Dataset entries

******************************

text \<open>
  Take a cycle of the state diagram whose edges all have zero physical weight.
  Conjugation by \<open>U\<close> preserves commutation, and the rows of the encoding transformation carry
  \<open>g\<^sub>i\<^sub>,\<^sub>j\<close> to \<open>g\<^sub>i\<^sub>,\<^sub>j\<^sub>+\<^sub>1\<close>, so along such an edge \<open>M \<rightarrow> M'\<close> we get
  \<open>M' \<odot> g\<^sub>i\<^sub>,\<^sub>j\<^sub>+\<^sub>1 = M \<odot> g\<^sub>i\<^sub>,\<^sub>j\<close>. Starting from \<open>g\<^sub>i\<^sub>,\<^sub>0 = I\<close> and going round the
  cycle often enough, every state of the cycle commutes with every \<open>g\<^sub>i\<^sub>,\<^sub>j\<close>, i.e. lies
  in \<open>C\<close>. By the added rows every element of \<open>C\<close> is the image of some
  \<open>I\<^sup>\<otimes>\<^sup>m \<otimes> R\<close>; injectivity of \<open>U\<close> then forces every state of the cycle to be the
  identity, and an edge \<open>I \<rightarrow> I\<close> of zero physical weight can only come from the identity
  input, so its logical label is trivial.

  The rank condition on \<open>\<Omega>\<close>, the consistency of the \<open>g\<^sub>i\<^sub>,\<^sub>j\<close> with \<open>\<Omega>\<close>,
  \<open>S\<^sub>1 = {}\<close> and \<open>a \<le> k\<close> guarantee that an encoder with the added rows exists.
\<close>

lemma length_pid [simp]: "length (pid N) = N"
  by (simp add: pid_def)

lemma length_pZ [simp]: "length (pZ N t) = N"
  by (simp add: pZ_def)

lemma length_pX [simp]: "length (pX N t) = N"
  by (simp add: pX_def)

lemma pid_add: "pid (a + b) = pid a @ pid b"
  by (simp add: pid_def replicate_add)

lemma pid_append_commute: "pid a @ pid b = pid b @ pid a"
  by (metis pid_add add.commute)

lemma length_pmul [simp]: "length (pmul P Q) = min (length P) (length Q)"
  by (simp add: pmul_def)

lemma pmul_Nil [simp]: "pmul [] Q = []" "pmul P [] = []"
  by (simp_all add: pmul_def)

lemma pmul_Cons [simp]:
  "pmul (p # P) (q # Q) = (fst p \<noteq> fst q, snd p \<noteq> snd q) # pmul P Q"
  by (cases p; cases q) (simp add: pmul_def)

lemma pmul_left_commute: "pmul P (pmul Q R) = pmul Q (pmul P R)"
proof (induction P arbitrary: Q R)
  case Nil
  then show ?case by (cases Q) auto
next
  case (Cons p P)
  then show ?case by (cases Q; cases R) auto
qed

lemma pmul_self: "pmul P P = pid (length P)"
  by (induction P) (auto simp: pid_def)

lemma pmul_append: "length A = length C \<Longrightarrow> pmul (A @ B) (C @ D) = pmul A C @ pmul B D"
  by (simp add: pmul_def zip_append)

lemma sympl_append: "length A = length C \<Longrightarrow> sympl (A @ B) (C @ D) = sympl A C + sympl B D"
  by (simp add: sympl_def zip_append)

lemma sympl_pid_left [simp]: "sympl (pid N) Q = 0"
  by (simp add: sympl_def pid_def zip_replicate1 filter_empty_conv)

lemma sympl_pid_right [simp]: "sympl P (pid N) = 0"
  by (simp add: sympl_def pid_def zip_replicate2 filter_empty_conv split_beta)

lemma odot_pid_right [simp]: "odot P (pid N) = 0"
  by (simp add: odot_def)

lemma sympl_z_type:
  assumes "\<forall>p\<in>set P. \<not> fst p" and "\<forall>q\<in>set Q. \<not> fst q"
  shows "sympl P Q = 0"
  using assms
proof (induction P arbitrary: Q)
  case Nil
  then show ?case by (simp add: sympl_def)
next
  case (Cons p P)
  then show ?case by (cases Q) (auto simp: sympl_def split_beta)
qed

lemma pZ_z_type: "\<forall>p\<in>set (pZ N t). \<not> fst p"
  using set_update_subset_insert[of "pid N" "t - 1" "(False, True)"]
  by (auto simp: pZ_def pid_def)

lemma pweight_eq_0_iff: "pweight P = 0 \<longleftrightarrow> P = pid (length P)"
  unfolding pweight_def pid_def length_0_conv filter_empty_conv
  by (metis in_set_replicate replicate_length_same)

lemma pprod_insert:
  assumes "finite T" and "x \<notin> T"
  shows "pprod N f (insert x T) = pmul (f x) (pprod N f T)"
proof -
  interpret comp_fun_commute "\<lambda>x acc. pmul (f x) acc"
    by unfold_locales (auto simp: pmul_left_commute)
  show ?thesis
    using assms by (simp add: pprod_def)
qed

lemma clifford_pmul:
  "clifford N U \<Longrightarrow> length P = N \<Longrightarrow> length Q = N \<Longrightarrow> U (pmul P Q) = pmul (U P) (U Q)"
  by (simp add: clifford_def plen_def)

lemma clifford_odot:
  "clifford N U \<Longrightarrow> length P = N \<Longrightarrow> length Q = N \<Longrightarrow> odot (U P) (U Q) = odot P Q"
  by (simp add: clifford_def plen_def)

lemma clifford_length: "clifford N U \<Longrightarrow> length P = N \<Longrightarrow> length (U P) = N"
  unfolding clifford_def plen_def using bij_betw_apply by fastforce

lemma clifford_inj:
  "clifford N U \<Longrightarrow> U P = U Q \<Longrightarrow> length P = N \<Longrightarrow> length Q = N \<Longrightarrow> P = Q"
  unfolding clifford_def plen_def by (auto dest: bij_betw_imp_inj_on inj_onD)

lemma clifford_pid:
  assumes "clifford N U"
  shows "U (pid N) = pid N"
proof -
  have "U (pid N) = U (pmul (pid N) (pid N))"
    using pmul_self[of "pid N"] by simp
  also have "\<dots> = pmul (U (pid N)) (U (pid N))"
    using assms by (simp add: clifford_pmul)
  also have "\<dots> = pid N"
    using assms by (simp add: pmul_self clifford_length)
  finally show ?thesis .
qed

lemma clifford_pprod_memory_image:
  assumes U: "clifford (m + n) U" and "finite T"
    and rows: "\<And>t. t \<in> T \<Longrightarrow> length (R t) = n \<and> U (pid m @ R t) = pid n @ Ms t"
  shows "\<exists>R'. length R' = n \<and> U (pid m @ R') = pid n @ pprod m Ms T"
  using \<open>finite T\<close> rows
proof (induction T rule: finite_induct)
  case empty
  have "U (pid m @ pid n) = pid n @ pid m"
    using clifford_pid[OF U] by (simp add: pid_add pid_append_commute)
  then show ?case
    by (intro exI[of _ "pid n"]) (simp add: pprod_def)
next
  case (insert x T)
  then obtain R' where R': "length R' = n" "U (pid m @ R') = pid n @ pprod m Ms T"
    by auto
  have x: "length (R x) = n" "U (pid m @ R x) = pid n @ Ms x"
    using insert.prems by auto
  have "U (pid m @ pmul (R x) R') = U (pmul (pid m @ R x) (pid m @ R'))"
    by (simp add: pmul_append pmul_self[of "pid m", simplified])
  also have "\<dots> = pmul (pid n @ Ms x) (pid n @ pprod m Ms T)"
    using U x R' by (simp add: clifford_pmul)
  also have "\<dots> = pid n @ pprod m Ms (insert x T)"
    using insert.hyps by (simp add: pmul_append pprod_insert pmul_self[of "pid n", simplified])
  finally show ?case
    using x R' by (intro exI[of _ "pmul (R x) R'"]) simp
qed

******************************

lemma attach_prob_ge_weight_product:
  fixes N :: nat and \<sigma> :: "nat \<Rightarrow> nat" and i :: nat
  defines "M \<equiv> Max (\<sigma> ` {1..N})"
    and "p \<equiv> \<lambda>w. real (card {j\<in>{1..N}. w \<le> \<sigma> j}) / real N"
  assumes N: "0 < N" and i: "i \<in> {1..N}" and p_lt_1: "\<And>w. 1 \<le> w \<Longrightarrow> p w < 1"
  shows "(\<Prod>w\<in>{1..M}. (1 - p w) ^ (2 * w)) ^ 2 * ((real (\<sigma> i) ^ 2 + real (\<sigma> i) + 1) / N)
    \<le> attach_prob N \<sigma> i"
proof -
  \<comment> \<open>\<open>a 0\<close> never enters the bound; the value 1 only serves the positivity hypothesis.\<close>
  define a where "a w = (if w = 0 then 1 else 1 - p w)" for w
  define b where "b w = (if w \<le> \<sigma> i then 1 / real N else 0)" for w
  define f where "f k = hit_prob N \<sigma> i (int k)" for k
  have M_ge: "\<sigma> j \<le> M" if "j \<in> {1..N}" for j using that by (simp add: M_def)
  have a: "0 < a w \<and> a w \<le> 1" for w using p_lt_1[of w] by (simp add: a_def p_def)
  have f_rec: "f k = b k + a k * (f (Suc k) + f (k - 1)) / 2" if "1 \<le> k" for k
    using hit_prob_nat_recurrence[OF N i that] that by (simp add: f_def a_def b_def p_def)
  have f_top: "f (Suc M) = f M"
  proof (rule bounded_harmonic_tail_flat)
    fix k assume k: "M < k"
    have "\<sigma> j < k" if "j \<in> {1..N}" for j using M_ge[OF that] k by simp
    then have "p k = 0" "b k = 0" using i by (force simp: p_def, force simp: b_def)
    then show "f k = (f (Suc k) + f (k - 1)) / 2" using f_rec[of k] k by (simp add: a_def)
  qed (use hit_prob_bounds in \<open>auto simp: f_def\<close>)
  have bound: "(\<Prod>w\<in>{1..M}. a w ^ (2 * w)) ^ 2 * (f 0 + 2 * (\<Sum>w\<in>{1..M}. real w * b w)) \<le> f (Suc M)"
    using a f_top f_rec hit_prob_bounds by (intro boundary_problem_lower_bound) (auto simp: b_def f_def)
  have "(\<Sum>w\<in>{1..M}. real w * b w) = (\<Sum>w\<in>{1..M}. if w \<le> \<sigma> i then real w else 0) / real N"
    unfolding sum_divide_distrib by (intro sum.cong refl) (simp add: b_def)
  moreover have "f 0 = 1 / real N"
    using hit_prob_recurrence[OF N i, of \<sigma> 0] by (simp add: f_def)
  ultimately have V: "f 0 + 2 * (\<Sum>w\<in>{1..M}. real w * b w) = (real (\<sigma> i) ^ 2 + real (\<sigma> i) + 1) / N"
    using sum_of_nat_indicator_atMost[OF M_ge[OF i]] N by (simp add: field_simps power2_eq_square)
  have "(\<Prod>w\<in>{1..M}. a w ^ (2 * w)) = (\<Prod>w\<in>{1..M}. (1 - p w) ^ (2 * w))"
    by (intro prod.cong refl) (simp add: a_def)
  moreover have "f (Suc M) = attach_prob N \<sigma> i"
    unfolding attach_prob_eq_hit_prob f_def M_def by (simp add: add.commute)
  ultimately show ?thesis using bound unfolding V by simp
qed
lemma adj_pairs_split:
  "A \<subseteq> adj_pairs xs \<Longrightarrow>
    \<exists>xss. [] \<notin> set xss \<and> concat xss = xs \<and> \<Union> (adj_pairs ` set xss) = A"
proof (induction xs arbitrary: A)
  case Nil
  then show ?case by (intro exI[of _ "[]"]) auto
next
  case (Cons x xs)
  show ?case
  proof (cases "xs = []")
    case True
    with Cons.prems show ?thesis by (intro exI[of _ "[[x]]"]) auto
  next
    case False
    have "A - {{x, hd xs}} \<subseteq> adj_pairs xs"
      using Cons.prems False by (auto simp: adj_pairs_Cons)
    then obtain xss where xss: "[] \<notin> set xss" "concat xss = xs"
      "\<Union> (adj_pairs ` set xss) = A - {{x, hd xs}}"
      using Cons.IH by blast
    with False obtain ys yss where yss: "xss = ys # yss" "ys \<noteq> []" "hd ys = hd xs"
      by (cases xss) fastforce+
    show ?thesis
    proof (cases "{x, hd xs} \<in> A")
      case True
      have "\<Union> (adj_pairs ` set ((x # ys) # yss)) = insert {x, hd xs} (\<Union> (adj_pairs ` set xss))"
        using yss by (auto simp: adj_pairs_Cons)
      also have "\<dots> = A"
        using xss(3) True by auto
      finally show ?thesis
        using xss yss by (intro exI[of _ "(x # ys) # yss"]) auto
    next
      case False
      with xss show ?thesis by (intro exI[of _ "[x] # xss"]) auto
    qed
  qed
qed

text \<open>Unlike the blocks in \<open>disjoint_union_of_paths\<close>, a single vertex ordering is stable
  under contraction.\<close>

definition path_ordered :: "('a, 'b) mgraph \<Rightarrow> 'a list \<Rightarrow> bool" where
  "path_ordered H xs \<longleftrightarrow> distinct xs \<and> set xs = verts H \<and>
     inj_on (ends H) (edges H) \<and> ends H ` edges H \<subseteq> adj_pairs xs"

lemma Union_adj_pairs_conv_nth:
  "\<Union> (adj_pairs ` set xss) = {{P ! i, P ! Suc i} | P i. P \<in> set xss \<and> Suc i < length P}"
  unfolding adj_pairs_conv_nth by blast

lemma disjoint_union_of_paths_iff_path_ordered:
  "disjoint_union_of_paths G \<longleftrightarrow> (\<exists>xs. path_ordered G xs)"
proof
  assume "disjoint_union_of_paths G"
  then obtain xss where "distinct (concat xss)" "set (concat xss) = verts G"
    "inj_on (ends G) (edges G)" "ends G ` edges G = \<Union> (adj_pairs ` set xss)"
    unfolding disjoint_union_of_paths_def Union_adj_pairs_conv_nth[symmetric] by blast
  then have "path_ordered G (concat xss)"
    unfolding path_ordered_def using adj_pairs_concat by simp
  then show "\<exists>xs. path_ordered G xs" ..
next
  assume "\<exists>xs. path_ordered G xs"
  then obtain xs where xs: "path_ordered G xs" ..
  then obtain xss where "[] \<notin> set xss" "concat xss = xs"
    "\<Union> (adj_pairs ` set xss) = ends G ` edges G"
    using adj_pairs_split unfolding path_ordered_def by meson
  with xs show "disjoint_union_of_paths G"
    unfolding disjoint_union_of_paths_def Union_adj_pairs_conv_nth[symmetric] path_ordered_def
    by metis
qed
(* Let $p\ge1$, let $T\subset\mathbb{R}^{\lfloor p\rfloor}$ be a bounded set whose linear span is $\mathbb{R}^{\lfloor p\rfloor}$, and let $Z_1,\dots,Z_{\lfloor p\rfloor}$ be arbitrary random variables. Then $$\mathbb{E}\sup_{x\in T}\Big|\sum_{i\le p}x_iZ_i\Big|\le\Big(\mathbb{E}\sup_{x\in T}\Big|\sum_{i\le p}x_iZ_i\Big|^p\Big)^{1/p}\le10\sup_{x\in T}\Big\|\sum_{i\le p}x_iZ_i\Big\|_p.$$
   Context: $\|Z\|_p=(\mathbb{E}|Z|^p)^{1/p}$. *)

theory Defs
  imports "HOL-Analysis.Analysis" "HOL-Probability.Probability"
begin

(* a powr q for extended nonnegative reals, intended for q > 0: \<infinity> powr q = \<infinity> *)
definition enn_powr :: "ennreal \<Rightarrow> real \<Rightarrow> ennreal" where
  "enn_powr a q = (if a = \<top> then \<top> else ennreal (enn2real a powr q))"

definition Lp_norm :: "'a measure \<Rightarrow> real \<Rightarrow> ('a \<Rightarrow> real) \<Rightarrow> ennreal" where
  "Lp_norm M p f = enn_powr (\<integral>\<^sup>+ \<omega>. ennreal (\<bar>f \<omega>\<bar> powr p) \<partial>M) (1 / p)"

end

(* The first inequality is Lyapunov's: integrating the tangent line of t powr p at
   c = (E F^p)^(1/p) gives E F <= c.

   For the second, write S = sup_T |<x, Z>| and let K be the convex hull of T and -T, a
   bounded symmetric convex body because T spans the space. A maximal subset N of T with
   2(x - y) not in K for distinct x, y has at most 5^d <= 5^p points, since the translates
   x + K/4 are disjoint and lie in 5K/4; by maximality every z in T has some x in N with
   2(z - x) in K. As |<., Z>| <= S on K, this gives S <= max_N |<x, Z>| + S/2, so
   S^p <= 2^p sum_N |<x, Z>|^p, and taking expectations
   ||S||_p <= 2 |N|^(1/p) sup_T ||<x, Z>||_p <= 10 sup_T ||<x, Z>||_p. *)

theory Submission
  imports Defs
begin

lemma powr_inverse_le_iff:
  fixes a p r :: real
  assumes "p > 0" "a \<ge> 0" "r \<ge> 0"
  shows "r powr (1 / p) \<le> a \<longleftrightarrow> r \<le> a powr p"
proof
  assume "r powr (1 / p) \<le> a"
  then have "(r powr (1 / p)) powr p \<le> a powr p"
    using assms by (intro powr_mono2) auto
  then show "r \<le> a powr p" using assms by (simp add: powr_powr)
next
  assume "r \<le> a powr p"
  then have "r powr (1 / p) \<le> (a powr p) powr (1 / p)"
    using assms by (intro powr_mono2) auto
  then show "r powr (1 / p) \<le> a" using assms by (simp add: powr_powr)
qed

******************************

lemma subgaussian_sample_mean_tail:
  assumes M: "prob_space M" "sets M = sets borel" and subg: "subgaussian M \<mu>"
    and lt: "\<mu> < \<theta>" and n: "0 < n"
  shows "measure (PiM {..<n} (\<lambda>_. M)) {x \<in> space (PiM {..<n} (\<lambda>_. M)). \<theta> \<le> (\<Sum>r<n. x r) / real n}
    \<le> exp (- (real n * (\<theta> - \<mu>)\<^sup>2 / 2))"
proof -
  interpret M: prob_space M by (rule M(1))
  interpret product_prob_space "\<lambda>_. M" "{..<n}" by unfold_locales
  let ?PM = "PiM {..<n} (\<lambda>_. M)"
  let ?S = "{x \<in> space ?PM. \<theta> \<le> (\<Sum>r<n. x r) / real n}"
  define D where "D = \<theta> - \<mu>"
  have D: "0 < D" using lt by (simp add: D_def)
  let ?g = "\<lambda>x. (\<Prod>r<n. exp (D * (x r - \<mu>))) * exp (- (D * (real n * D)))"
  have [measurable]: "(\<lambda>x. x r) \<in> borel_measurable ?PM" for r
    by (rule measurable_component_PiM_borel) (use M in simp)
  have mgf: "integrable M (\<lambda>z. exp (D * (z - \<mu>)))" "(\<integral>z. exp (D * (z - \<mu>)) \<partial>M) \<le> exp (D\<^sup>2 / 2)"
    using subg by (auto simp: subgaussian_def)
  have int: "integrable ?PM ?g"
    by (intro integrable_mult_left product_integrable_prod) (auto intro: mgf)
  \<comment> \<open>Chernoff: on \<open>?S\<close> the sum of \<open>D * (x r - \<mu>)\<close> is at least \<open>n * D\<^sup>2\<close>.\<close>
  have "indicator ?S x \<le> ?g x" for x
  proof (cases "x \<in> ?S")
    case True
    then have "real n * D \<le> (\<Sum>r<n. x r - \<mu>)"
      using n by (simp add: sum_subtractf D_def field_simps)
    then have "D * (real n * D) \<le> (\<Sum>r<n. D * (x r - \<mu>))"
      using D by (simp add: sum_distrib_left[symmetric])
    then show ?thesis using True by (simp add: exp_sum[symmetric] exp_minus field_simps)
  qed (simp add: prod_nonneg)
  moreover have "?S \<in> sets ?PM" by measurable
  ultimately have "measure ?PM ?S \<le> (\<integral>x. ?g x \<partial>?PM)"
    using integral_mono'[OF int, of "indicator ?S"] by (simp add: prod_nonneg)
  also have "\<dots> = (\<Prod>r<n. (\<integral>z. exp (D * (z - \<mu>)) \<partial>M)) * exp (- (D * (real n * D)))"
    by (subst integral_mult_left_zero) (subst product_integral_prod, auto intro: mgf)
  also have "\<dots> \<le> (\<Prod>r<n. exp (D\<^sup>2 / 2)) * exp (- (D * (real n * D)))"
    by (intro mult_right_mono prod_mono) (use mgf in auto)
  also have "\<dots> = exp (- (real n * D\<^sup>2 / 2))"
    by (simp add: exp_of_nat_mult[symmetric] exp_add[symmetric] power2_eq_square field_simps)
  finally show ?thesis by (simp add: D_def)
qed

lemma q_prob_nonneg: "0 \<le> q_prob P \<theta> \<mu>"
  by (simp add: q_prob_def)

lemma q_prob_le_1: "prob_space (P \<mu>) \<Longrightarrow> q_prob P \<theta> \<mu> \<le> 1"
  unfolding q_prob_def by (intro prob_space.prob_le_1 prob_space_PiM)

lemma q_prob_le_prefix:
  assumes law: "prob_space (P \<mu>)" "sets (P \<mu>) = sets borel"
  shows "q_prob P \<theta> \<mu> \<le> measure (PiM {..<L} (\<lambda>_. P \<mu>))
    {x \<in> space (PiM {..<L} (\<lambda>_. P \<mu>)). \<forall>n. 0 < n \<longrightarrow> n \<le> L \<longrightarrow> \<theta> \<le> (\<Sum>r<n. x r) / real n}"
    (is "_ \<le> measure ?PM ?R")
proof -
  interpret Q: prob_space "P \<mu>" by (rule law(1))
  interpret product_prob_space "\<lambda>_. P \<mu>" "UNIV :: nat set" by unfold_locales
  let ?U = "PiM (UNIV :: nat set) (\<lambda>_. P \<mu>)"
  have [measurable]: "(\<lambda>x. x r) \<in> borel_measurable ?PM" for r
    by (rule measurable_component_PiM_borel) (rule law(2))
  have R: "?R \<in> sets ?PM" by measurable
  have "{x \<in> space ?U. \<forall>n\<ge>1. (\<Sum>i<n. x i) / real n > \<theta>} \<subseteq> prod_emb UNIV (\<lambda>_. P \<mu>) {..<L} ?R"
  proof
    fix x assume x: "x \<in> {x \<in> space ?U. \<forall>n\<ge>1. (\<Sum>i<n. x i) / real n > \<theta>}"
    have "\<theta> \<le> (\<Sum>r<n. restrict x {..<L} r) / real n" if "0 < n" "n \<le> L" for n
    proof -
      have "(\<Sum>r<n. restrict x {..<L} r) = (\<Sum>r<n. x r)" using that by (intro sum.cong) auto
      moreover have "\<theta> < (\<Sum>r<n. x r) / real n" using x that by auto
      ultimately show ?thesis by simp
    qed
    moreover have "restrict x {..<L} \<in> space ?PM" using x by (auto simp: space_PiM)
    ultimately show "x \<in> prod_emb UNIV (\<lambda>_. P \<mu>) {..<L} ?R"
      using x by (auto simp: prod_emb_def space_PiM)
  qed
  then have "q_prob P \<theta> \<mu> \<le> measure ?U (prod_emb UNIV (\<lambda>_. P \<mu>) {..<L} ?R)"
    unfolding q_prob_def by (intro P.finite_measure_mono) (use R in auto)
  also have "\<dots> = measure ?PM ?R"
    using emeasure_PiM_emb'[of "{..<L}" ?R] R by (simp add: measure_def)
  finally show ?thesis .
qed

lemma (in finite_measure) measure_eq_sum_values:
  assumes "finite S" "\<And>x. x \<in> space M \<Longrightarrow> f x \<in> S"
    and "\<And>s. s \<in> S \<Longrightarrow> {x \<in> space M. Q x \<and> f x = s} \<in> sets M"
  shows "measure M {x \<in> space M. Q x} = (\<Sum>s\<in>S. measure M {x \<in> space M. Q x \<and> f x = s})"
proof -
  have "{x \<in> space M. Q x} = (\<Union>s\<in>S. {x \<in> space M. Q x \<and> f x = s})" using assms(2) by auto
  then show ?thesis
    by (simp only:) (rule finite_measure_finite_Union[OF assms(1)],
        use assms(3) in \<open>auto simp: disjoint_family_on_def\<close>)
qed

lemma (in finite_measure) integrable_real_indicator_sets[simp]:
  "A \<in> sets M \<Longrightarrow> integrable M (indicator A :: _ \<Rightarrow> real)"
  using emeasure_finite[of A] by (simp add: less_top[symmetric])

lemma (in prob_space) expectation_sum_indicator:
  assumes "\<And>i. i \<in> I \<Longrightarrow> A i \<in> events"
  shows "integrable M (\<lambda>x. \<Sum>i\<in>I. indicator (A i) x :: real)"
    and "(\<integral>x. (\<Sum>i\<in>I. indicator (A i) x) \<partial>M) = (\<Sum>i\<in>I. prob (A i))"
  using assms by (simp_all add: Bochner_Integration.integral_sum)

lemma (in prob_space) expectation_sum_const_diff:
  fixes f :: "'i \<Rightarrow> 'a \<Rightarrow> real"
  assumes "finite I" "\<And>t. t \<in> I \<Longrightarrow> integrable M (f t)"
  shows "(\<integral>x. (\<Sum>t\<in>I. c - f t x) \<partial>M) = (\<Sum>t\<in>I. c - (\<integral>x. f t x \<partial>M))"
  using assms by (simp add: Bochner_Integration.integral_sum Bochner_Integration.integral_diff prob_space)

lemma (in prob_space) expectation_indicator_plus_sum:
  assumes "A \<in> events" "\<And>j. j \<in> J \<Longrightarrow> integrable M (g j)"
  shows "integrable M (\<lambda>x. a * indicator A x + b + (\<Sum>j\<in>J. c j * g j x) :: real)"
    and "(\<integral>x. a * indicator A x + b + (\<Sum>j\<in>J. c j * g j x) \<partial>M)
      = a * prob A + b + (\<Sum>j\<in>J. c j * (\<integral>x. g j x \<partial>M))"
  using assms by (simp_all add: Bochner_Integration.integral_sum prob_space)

******************************

**Try it:**
Only the lines above from the one with "k * (f (Suc" through the one with "that] k by simp" should be duplicated, character for character.

**Answer box:**
  have f_rec: "f k = b k + a k * (f (Suc k) + f (k - 1)) / 2" if "1 \<le> k" for k
    using hit_prob_nat_recurrence[OF N i that] that by (simp add: f_def a_def b_def p_def)
  have f_top: "f (Suc M) = f M"
  proof (rule bounded_harmonic_tail_flat)
    fix k assume k: "M < k"
    have "\<sigma> j < k" if "j \<in> {1..N}" for j using M_ge[OF that] k by simp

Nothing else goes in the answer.